# Flies, castors etc.



## trojon (Nov 8, 2007)

Just recieved a shipment of flies, which were meant to be curly wing castors but ended up as being about 100 curly wing flies in a tub...

Can these be kept in a fridge to keep longer, or will it be too cold?

Also when castors are bought from a fishing tackle shop, can they be hatched? Or are they dead? If so that would mean buying maggots to pupate right?

And when it comes to gut loading - what is the most efficient method, and what is the minimum time required to gut load?


----------



## Gurd (Nov 8, 2007)

TroJon said:


> Just recieved a shipment of flies, which were meant to be curly wing castors but ended up as being about 100 curly wing flies in a tub...Can these be kept in a fridge to keep longer, or will it be too cold?
> 
> Also when castors are bought from a fishing tackle shop, can they be hatched? Or are they dead? If so that would mean buying maggots to pupate right?
> 
> And when it comes to gut loading - what is the most efficient method, and what is the minimum time required to gut load?


Casters from the fishing shops are the pupae stage of either blue bottles (normal maggies) green bottles (pinkies) house flies (squats)

Keep them in a tub with room for the flies to fly and they will hatch, temperature determines time taken.

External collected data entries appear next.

locale hyperbolic_approximation =
  fixes Z :: "'a::metric_space set" and r :: real and V :: "int \<Rightarrow> 'a set"
  assumes bdd: "bounded Z"
    and two: "\<exists>x\<in>Z. \<exists>y\<in>Z. x \<noteq> y"
    and r_pos: "0 < r" and r_le: "r \<le> 1/6"
    and V_max: "\<And>k. hyp_k0 Z r \<le> k \<Longrightarrow> maximal_separated Z (r powi k) (V k)"
    and r_small: "r < min (diameter Z) (1 / diameter Z)"
begin

abbreviation "k0 \<equiv> hyp_k0 Z r"
abbreviation "HB \<equiv> hball Z r"
abbreviation "BB \<equiv> bigB Z r V"
abbreviation "VX \<equiv> hyp_vertices Z r V"
abbreviation "HADJ \<equiv> hyp_adj Z r V"

lemma powi_pos: "0 < r powi k"
  using r_pos by simp

lemma powi_Suc: "r powi (k + 1) = r * r powi k"
  using r_pos by (simp add: power_int_add_1)

lemma powi_antimono: "m \<le> k \<Longrightarrow> r powi k \<le> r powi m"
  using r_pos r_le by (intro power_int_decreasing) auto

lemma diameter_less_powi_neg1: "diameter Z < r powi -1"
proof -
  have "r * diameter Z < 1"
    using r_small r_pos by (auto simp: field_simps)
  then show ?thesis
    using r_pos by (simp add: power_int_minus field_simps)
qed

lemma hyp_k0_eq: "k0 = (if diameter Z < 1 then 0 else -1)"
  unfolding hyp_k0_def
proof (rule Greatest_equality)
  show "diameter Z < r powi (if diameter Z < 1 then 0 else -1)"
    using diameter_less_powi_neg1 by simp
  fix k assume k: "diameter Z < r powi k"
  have "r powi k \<le> r powi 1" if "1 \<le> k" using that by (rule powi_antimono)
  moreover have "r powi k \<le> r powi 0" if "0 \<le> k" using that by (rule powi_antimono)
  ultimately show "k \<le> (if diameter Z < 1 then 0 else -1)"
    using k r_small by (fastforce split: if_splits)
qed

lemma k0_le_0: "k0 \<le> 0"
  by (simp add: hyp_k0_eq)

lemma diameter_less_powi_k0: "diameter Z < r powi k0"
  using diameter_less_powi_neg1 by (simp add: hyp_k0_eq)

lemma V_subset: "k0 \<le> k \<Longrightarrow> V k \<subseteq> Z"
  using V_max unfolding maximal_separated_def by blast

lemma V_dense:
  assumes "k0 \<le> k" "z \<in> Z"
  shows "\<exists>u\<in>V k. dist z u < r powi k"
proof (rule ccontr)
  assume "\<not> ?thesis"
  then have far: "\<forall>u\<in>V k. r powi k \<le> dist z u" by force
  have ms: "maximal_separated Z (r powi k) (V k)" using V_max assms by blast
  have "separated (r powi k) (insert z (V k))"
    using ms far unfolding maximal_separated_def separated_def
    by (auto simp: dist_commute)
  moreover have "insert z (V k) \<subseteq> Z" using ms assms unfolding maximal_separated_def by auto
  ultimately have "z \<in> V k" using ms unfolding maximal_separated_def by blast
  then show False using far powi_pos[of k] by force
qed

lemma V_k0_unique: "v \<in> V k0 \<Longrightarrow> w \<in> V k0 \<Longrightarrow> v = w"
proof (rule ccontr)
  assume v: "v \<in> V k0" and w: "w \<in> V k0" and "v \<noteq> w"
  then have "r powi k0 \<le> dist v w"
    using V_max[of k0] unfolding maximal_separated_def separated_def by blast
  moreover have "dist v w \<le> diameter Z"
    using diameter_bounded_bound[OF bdd] V_subset[of k0] v w by blast
  ultimately show False using diameter_less_powi_k0 by linarith
qed

lemma center_in_hball: "(k, v) \<in> VX \<Longrightarrow> v \<in> HB k v"
  using V_subset[of k] powi_pos[of k] by (auto simp: hyp_vertices_def hball_def)

lemma dist_le_of_closure_hball:
  assumes "p \<in> closure (HB k v)"
  shows "dist v p \<le> 2 * r powi k"
proof -
  have "HB k v \<subseteq> cball v (2 * r powi k)" by (auto simp: hball_def dist_commute)
  then have "closure (HB k v) \<subseteq> cball v (2 * r powi k)" by (intro closure_minimal) auto
  then show ?thesis using assms by auto
qed

lemma hball_subset_bigB:
  "u \<in> V (int j + 1) \<Longrightarrow> HB (int j + 1) u \<inter> U \<noteq> {} \<Longrightarrow> HB (int j + 1) u \<subseteq> BB j U"
  unfolding bigB_def by blast

lemma mem_bigB_if_near:
  assumes "U \<subseteq> Z" "p \<in> U" "q \<in> Z" "dist p q < r powi (int j + 1)"
  shows "q \<in> BB j U"
proof -
  have "k0 \<le> int j + 1" using k0_le_0 by linarith
  then obtain u where u: "u \<in> V (int j + 1)" "dist p u < r powi (int j + 1)"
    using V_dense[of _ p] assms by blast
  have "dist q u \<le> dist p q + dist p u" by (metis dist_commute dist_triangle)
  then have "q \<in> HB (int j + 1) u" using u assms by (simp add: hball_def)
  moreover have "p \<in> HB (int j + 1) u"
    using u assms powi_pos[of "int j + 1"] by (auto simp: hball_def dist_commute)
  ultimately show ?thesis using u assms hball_subset_bigB by blast
qed

lemma subset_bigB: "U \<subseteq> Z \<Longrightarrow> U \<subseteq> BB j U"
  using mem_bigB_if_near[of U _ _ j] powi_pos by fastforce

lemma touching_hball_subset_bigB:
  assumes p0: "p0 \<in> closure (HB k v)" "p0 \<in> closure (HB k w)"
    and W: "W \<subseteq> Z" "w \<in> W" and mk: "int m \<le> k - 2"
  shows "HB k v \<subseteq> BB m W"
proof
  fix q assume q: "q \<in> HB k v"
  have "dist w v \<le> 4 * r powi k"
    using dist_le_of_closure_hball[OF p0(1)] dist_le_of_closure_hball[OF p0(2)]
      dist_triangle[of w v p0] by (simp add: dist_commute)
  moreover have "dist v q < 2 * r powi k" using q by (auto simp: hball_def dist_commute)
  moreover have "dist w q \<le> dist w v + dist v q" by (rule dist_triangle)
  ultimately have "dist w q < 6 * r powi k" by linarith
  also have "\<dots> \<le> 6 * r powi (int m + 2)" using powi_antimono[of "int m + 2" k] mk by simp
  also have "\<dots> = 6 * r * r powi (int m + 1)"
    using powi_Suc[of "int m + 1"] by (simp add: add.assoc)
  also have "\<dots> \<le> r powi (int m + 1)"
    using r_le r_pos powi_pos[of "int m + 1"] by (intro mult_left_le_one_le) auto
  finally show "q \<in> BB m W" using mem_bigB_if_near[OF W] q by (auto simp: hball_def)
qed

lemma touching_bigB_meets_hball:
  assumes x: "(k, v) \<in> VX" "(k, w) \<in> VX"
    and p0: "p0 \<in> Z" "p0 \<in> closure (HB k v)" "p0 \<in> closure (HB k w)"
    and W: "W \<subseteq> Z" "HB k w \<subseteq> W" and mk: "int m \<le> k - 1"
  shows "BB m W \<inter> HB k v \<noteq> {}"
proof (cases "int m = k - 1")
  case True
  \<comment> \<open>a vertex u of level k near p0 has a ball meeting both B(v) and B(w)\<close>
  have "k0 \<le> k" using x by (simp add: hyp_vertices_def)
  then obtain u where u: "u \<in> V k" "dist p0 u < r powi k" using V_dense p0(1) by blast
  obtain p where p: "p \<in> HB k w" "dist p p0 < r powi k"
    using p0(3) powi_pos[of k] unfolding closure_approachable by blast
  obtain p' where p': "p' \<in> HB k v" "dist p' p0 < r powi k"
    using p0(2) powi_pos[of k] unfolding closure_approachable by blast
  have "dist p u \<le> dist p p0 + dist p0 u" "dist p' u \<le> dist p' p0 + dist p0 u"
    by (rule dist_triangle)+
  then have "p \<in> HB k u" "p' \<in> HB k u" using p p' u by (auto simp: hball_def)
  moreover have "k = int m + 1" using True by simp
  ultimately have "HB k u \<subseteq> BB m W" using hball_subset_bigB[of u m W] u W p by auto
  then show ?thesis using \<open>p' \<in> HB k u\<close> p' by blast
next
  case False
  then have "HB k v \<subseteq> BB m W"
    using touching_hball_subset_bigB[OF p0(2,3) W(1)] W(2) center_in_hball[OF x(2)] mk by force
  then show ?thesis using center_in_hball[OF x(1)] by blast
qed

lemma parent_vertex:
  assumes "k0 \<le> k" "v \<in> V (k + 1)"
  obtains u where "u \<in> V k" "HB (k + 1) v \<subseteq> HB k u"
proof -
  obtain u where u: "u \<in> V k" "dist v u < r powi k"
    using V_dense assms V_subset[of "k + 1"] by fastforce
  have "HB (k + 1) v \<subseteq> HB k u"
  proof
    fix q assume q: "q \<in> HB (k + 1) v"
    have "dist q u \<le> dist q v + dist v u" by (rule dist_triangle)
    also have "\<dots> < 2 * (r * r powi k) + r powi k"
      using q u powi_Suc[of k] by (auto simp: hball_def)
    also have "\<dots> \<le> 2 * r powi k" using r_le powi_pos[of k] by (simp add: field_simps)
    finally show "q \<in> HB k u" using q by (auto simp: hball_def)
  qed
  with u that show ?thesis by blast
qed

lemma symp_hyp_adj: "symp HADJ"
  unfolding hyp_adj_def symp_def by (simp add: Int_ac disj_commute eq_commute[of "_::int"])

lemma reachable_from_root:
  assumes "v0 \<in> V k0" "k0 \<le> k"
  shows "v \<in> V k \<Longrightarrow> HADJ\<^sup>*\<^sup>* (k0, v0) (k, v)"
  using assms(2)
proof (induction k arbitrary: v rule: int_ge_induct)
  case base
  then have "v = v0" using V_k0_unique assms(1) by blast
  then show ?case by simp
next
  case (step k)
  obtain u where u: "u \<in> V k" "HB (k + 1) v \<subseteq> HB k u"
    using parent_vertex[OF \<open>k0 \<le> k\<close> step.prems] .
  then have "HADJ (k, u) (k + 1, v)"
    using step unfolding hyp_adj_def hyp_vertices_def by simp
  with step.IH[OF u(1)] show ?case by (rule rtranclp.rtrancl_into_rtrancl)
qed

lemma hyp_connected:
  assumes "x \<in> VX" "y \<in> VX"
  shows "HADJ\<^sup>*\<^sup>* x y"
proof -
  obtain v0 where v0: "v0 \<in> V k0" using two V_dense[of k0] by blast
  have "HADJ\<^sup>*\<^sup>* (k0, v0) x" "HADJ\<^sup>*\<^sup>* (k0, v0) y"
    using assms reachable_from_root[OF v0] by (auto simp: hyp_vertices_def)
  then have "HADJ\<^sup>*\<^sup>* x (k0, v0)" "HADJ\<^sup>*\<^sup>* (k0, v0) y"
    using sympD[OF symp_rtranclp[OF symp_hyp_adj]] by blast+
  then show ?thesis by (rule rtranclp_trans)
qed
(* Let $\mu=\sum_{i=1}^m a_i\delta_{u_i}$ and $\nu=\sum_{j=1}^n b_j\delta_{v_j}$ be finitely supported finite measures on $S^2\subset\mathbb{R}^3$ (with $a_i,b_j>0$). Then $$\operatorname{WFR}(\mu,\nu)^2=\inf_{(A,B)\in\mathcal A(\mu,\nu)}\sum_{i=0}^m\sum_{j=0}^n\big|\sqrt{A_{ij}}\,u_i-\sqrt{B_{ij}}\,v_j\big|^2,$$ where $u_0=v_0=(1,0,0)$.
   Context: For finite Borel measures $\mu,\nu$ on $S^2$, $\Gamma(\mu,\nu)$ is the set of pairs $(\gamma_0,\gamma_1)$ of finite Borel measures on $S^2\times S^2$ with $(\operatorname{Proj}_0)_\#\gamma_0=\mu$, $(\operatorname{Proj}_1)_\#\gamma_1=\nu$, and the Wasserstein–Fisher–Rao distance is $\operatorname{WFR}(\mu,\nu)=\inf_{(\gamma_0,\gamma_1)\in\Gamma(\mu,\nu)}\big(\int|\sqrt{\tfrac{d\gamma_0}{d\gamma}(u,v)}u-\sqrt{\tfrac{d\gamma_1}{d\gamma}(u,v)}v|^2d\gamma(u,v)\big)^{1/2}$ with $\gamma$ any measure such that $\gamma_0,\gamma_1\ll\gamma$. $\mathcal A(\mu,\nu)$ is the set of pairs $(A,B)$ of $(m+1)\times(n+1)$ matrices (indices from $0$) with $A_{ij},B_{ij}\ge0$, $a_i=\sum_{j=0}^nA_{ij}$ ($i\ge1$), $A_{0j}=0$ for all $j$, $b_j=\sum_{i=0}^mB_{ij}$ ($j\ge1$), $B_{i0}=0$ for all $i$. *)

theory Defs
  imports "HOL-Analysis.Analysis"
begin

definition S2 :: "(real^3) set" where
  "S2 = sphere 0 1"

definition S2B :: "(real^3) measure" where
  "S2B = restrict_space borel S2"

definition Gamma :: "(real^3) measure \<Rightarrow> (real^3) measure
    \<Rightarrow> (((real^3) \<times> (real^3)) measure \<times> ((real^3) \<times> (real^3)) measure) set" where
  "Gamma \<mu> \<nu> = {(\<gamma>0, \<gamma>1).
      sets \<gamma>0 = sets (S2B \<Otimes>\<^sub>M S2B) \<and> sets \<gamma>1 = sets (S2B \<Otimes>\<^sub>M S2B) \<and>
      finite_measure \<gamma>0 \<and> finite_measure \<gamma>1 \<and>
      distr \<gamma>0 S2B fst = \<mu> \<and> distr \<gamma>1 S2B snd = \<nu>}"

definition wfr_cost :: "((real^3) \<times> (real^3)) measure \<Rightarrow> ((real^3) \<times> (real^3)) measure
    \<Rightarrow> ((real^3) \<times> (real^3)) measure \<Rightarrow> ennreal" where
  "wfr_cost \<gamma> \<gamma>0 \<gamma>1 =
     (\<integral>\<^sup>+ p. ennreal ((norm (sqrt (enn2real (RN_deriv \<gamma> \<gamma>0 p)) *\<^sub>R fst p
                     - sqrt (enn2real (RN_deriv \<gamma> \<gamma>1 p)) *\<^sub>R snd p))\<^sup>2) \<partial>\<gamma>)"

text \<open>WFR(mu,nu): infimum over (gamma0,gamma1) in Gamma(mu,nu) and over all sigma-finite
  measures gamma on S^2 x S^2 dominating both gamma0 and gamma1 (the cost does not depend
  on the choice of gamma), then a square root.\<close>
definition WFR :: "(real^3) measure \<Rightarrow> (real^3) measure \<Rightarrow> real" where
  "WFR \<mu> \<nu> = sqrt (enn2real (INF (\<gamma>, \<gamma>0, \<gamma>1) \<in>
      {(\<gamma>, \<gamma>0, \<gamma>1). (\<gamma>0, \<gamma>1) \<in> Gamma \<mu> \<nu> \<and>
         sets \<gamma> = sets (S2B \<Otimes>\<^sub>M S2B) \<and> sigma_finite_measure \<gamma> \<and>
         absolutely_continuous \<gamma> \<gamma>0 \<and> absolutely_continuous \<gamma> \<gamma>1}.
      wfr_cost \<gamma> \<gamma>0 \<gamma>1))"

definition Aset :: "nat \<Rightarrow> nat \<Rightarrow> (nat \<Rightarrow> real) \<Rightarrow> (nat \<Rightarrow> real)
    \<Rightarrow> ((nat \<Rightarrow> nat \<Rightarrow> real) \<times> (nat \<Rightarrow> nat \<Rightarrow> real)) set" where
  "Aset m n a b = {(A, B).
      (\<forall>i\<in>{0..m}. \<forall>j\<in>{0..n}. A i j \<ge> 0 \<and> B i j \<ge> 0) \<and>
      (\<forall>i\<in>{1..m}. a i = (\<Sum>j=0..n. A i j)) \<and>
      (\<forall>j\<in>{0..n}. A 0 j = 0) \<and>
      (\<forall>j\<in>{1..n}. b j = (\<Sum>i=0..m. B i j)) \<and>
      (\<forall>i\<in>{0..m}. B i 0 = 0)}"

definition e1 :: "real^3" where
  "e1 = vector [1, 0, 0]"

end

theory Submission
  imports Defs
begin

(* Fix a plan (gamma0, gamma1) dominated by gamma, with marginals mu = sum_i a_i delta(u_i) and
   nu = sum_j b_j delta(v_j). Then gamma0 lives on {u_i} x S^2 and gamma1 on S^2 x {v_j}. On an atom p of
   the finite grid {(u_i, v_j)} the integrand times gamma{p} is |sqrt(gamma0{p}) u_i - sqrt(gamma1{p}) v_j|^2,
   by homogeneity; off the grid one of the two densities vanishes and, the points being unit vectors, the
   integrand is the other density. Recording the atom masses in A_ij, B_ij (i, j >= 1) and the masses off
   the grid in column 0 of A and row 0 of B, the cost of the plan becomes exactly the matrix cost, whose
   terms in row and column 0 reduce to A_i0 and B_0j. Conversely every matrix pair is realised by discrete
   plans putting the leftover masses at points off the grid, so both infima run over the same values. *)

lemma sum_atLeast0_atMost:
  fixes f :: "nat \<Rightarrow> 'a::comm_monoid_add"
  shows "(\<Sum>i=0..m. f i) = f 0 + (\<Sum>i=1..m. f i)"
  using sum.atLeast_Suc_atMost[of "0::nat" m f] by simp

lemma inj_on_extend_at_0:
  fixes f :: "nat \<Rightarrow> 'a"
  assumes "inj_on f {1..n}" "x \<notin> f ` {1..n}"
  shows "inj_on (\<lambda>j. if j = 0 then x else f j) {0..n}"
proof -
  have "(\<lambda>j. if j = 0 then x else f j) ` {1..n} = f ` {1..n}"
    by (rule image_cong) auto
  moreover have "inj_on (\<lambda>j. if j = 0 then x else f j) {1..n}"
    using assms(1) by (rule inj_on_cong[THEN iffD2, rotated]) auto
  moreover have "{0..n} = insert 0 {1..n}"
    by auto
  ultimately show ?thesis
    using assms(2) by (simp add: inj_on_insert)
qed

lemma INF_ennreal:
  fixes f :: "'a \<Rightarrow> real"
  assumes "P \<noteq> {}" "\<And>p. p \<in> P \<Longrightarrow> 0 \<le> f p"
  shows "(INF p\<in>P. ennreal (f p)) = ennreal (INF p\<in>P. f p)"
proof -
  have "mono ennreal" by (auto intro: monoI ennreal_leI)
  moreover have "bdd_below (f ` P)" using assms(2) by (intro bdd_belowI[where m = 0]) auto
  ultimately show ?thesis
    using assms(1) by (subst continuous_at_Inf_mono[of ennreal])
      (auto simp: image_image intro: continuous_at_imp_continuous_at_within continuous_on_ennreal)
qed

lemma norm_sqrt_diff_sq_eq_add:
  fixes x y :: "'a::real_normed_vector"
  assumes "norm x = 1" "norm y = 1" "s = 0 \<or> t = 0" "0 \<le> s" "0 \<le> t"
  shows "(norm (sqrt s *\<^sub>R x - sqrt t *\<^sub>R y))\<^sup>2 = s + t"
  using assms by auto

lemma norm_sqrt_diff_sq_mult:
  fixes x y :: "'a::real_normed_vector"
  assumes "m0 = f0 * c" "m1 = f1 * c" "m0 \<noteq> \<infinity>" "m1 \<noteq> \<infinity>"
  shows "ennreal ((norm (sqrt (enn2real f0) *\<^sub>R x - sqrt (enn2real f1) *\<^sub>R y))\<^sup>2) * c
       = ennreal ((norm (sqrt (enn2real m0) *\<^sub>R x - sqrt (enn2real m1) *\<^sub>R y))\<^sup>2)"
proof (cases c rule: ennreal_cases)
  case (real r)
  show ?thesis
  proof (cases "r = 0")
    case False
    then have "f0 \<noteq> \<infinity>" "f1 \<noteq> \<infinity>"
      using assms real by (auto simp: ennreal_mult_eq_top_iff)
    then obtain r0 r1 where r01: "f0 = ennreal r0" "f1 = ennreal r1" "0 \<le> r0" "0 \<le> r1"
      by (cases f0 rule: ennreal_cases; cases f1 rule: ennreal_cases) auto
    have "sqrt (r0 * r) *\<^sub>R x - sqrt (r1 * r) *\<^sub>R y = sqrt r *\<^sub>R (sqrt r0 *\<^sub>R x - sqrt r1 *\<^sub>R y)"
      by (simp add: real_sqrt_mult scaleR_right_diff_distrib mult.commute)
    then show ?thesis
      using assms(1,2) real r01
      by (simp add: ennreal_mult[symmetric] power_mult_distrib mult.commute del: ennreal_mult)
  qed (use assms real in simp)
next
  case top
  then have "f0 = 0" "f1 = 0"
    using assms by (auto simp: ennreal_mult_eq_top_iff)
  then show ?thesis
    using assms top by simp
qed
lemma bilinear_ext_bracketD:
  assumes "bilinear (ext_bracket br \<omega>)"
  shows "bilinear br" and "bilinear \<omega>"
proof -
  have E: "ext_bracket br \<omega> (u, 0) (v, 0) = (br u v, \<omega> u v)" for u v
    by (simp add: ext_bracket_def)
  note rules = bilinear_ladd[OF assms, of "(_, 0)" "(_, 0)" "(_, 0)"]
    bilinear_radd[OF assms, of "(_, 0)" "(_, 0)" "(_, 0)"]
    bilinear_lmul[OF assms, of _ "(_, 0)" "(_, 0)"]
    bilinear_rmul[OF assms, of "(_, 0)" _ "(_, 0)"]
  show "bilinear br" "bilinear \<omega>"
    unfolding bilinear_def using rules by (auto intro!: linearI simp: E)
qed

lemma lie_algebra_ext_bracketD:
  assumes "lie_algebra (ext_bracket br \<omega>)"
  shows "lie_algebra br" and "lie_cocycle br \<omega>"
proof -
  let ?E = "ext_bracket br \<omega>"
  have E: "?E (u, a) (v, b) = (br u v, \<omega> u v)" for u v a b
    by (simp add: ext_bracket_def)
  have bl: "bilinear br" "bilinear \<omega>"
    using assms bilinear_ext_bracketD unfolding lie_algebra_def by blast+
  have "?E (x, 0) (x, 0) = 0" for x
    using assms unfolding lie_algebra_def by blast
  then have alt: "br x x = 0" "\<omega> x x = 0" for x
    by (simp_all add: E zero_prod_def)
  have "?E (x, 0) (?E (y, 0) (z, 0)) + ?E (y, 0) (?E (z, 0) (x, 0)) + ?E (z, 0) (?E (x, 0) (y, 0)) = 0"
    for x y z using assms unfolding lie_algebra_def by blast
  then have jacobi: "br x (br y z) + br y (br z x) + br z (br x y) = 0"
    and jacobi_\<omega>: "\<omega> x (br y z) + \<omega> y (br z x) + \<omega> z (br x y) = 0" for x y z
    by (simp_all add: E zero_prod_def)
  show "lie_algebra br"
    unfolding lie_algebra_def using bl alt jacobi by blast
  have skew: "\<omega> a b = - \<omega> b a" for a b
    using alternating_bilinear_skew[OF bl(2) alt(2)] .
  have "\<omega> (br x y) z + \<omega> (br y z) x + \<omega> (br z x) y
      = - (\<omega> x (br y z) + \<omega> y (br z x) + \<omega> z (br x y))" for x y z
    by (simp add: skew[of "br x y" z] skew[of "br y z" x] skew[of "br z x" y])
  then show "lie_cocycle br \<omega>"
    unfolding lie_cocycle_def using bl alt jacobi_\<omega> by simp
qed

locale metric_lie_cocycle =
  fixes br :: "'g::euclidean_space \<Rightarrow> 'g \<Rightarrow> 'g"
    and \<omega> :: "'g \<Rightarrow> 'g \<Rightarrow> 'z::real_vector"
    and Bg :: "'g \<Rightarrow> 'g \<Rightarrow> real"
    and Bz :: "'z \<Rightarrow> 'z \<Rightarrow> real"
  assumes lie: "lie_algebra br"
    and cocycle: "lie_cocycle br \<omega>"
    and sym_Bg: "sym_bilinear_form Bg"
    and nondegenerate_Bg: "nondegenerate Bg"
    and bilinear_Bz: "bilinear Bz"
begin

abbreviation ad_adj :: "'g \<Rightarrow> 'g \<Rightarrow> 'g" where
  "ad_adj u \<equiv> adjoint_wrt Bg Bg (br u)"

I keep them in a tub with a net lid and hole for my pooter plugged by a bit of sponge and gutload them with honey for a couple of days before feeding to mantids

They do tend to get a bit smelly after a while tho


----------



## Rick (Nov 8, 2007)

For me I just put the maggots in a 32 oz deli container and place on a shelf. When they hatch I use a syringe to give them honey through a hole cut in the side. When I need flies I put the entire container in the freezer until they slow down. I feed them honey every other day. You do not need a water dish or anything complicated for them.


----------



## trojon (Nov 10, 2007)

Right well i've been using "set honey" which is still pretty liquidy, organic ofc.

Although I've not seen the flies eating it, just walking on it or avoiding it? Are they meant to instantly go for it or do they just go as and when they want to feed?

Not seen many dead flies, so i guess they should still be alive due to feeding right?


----------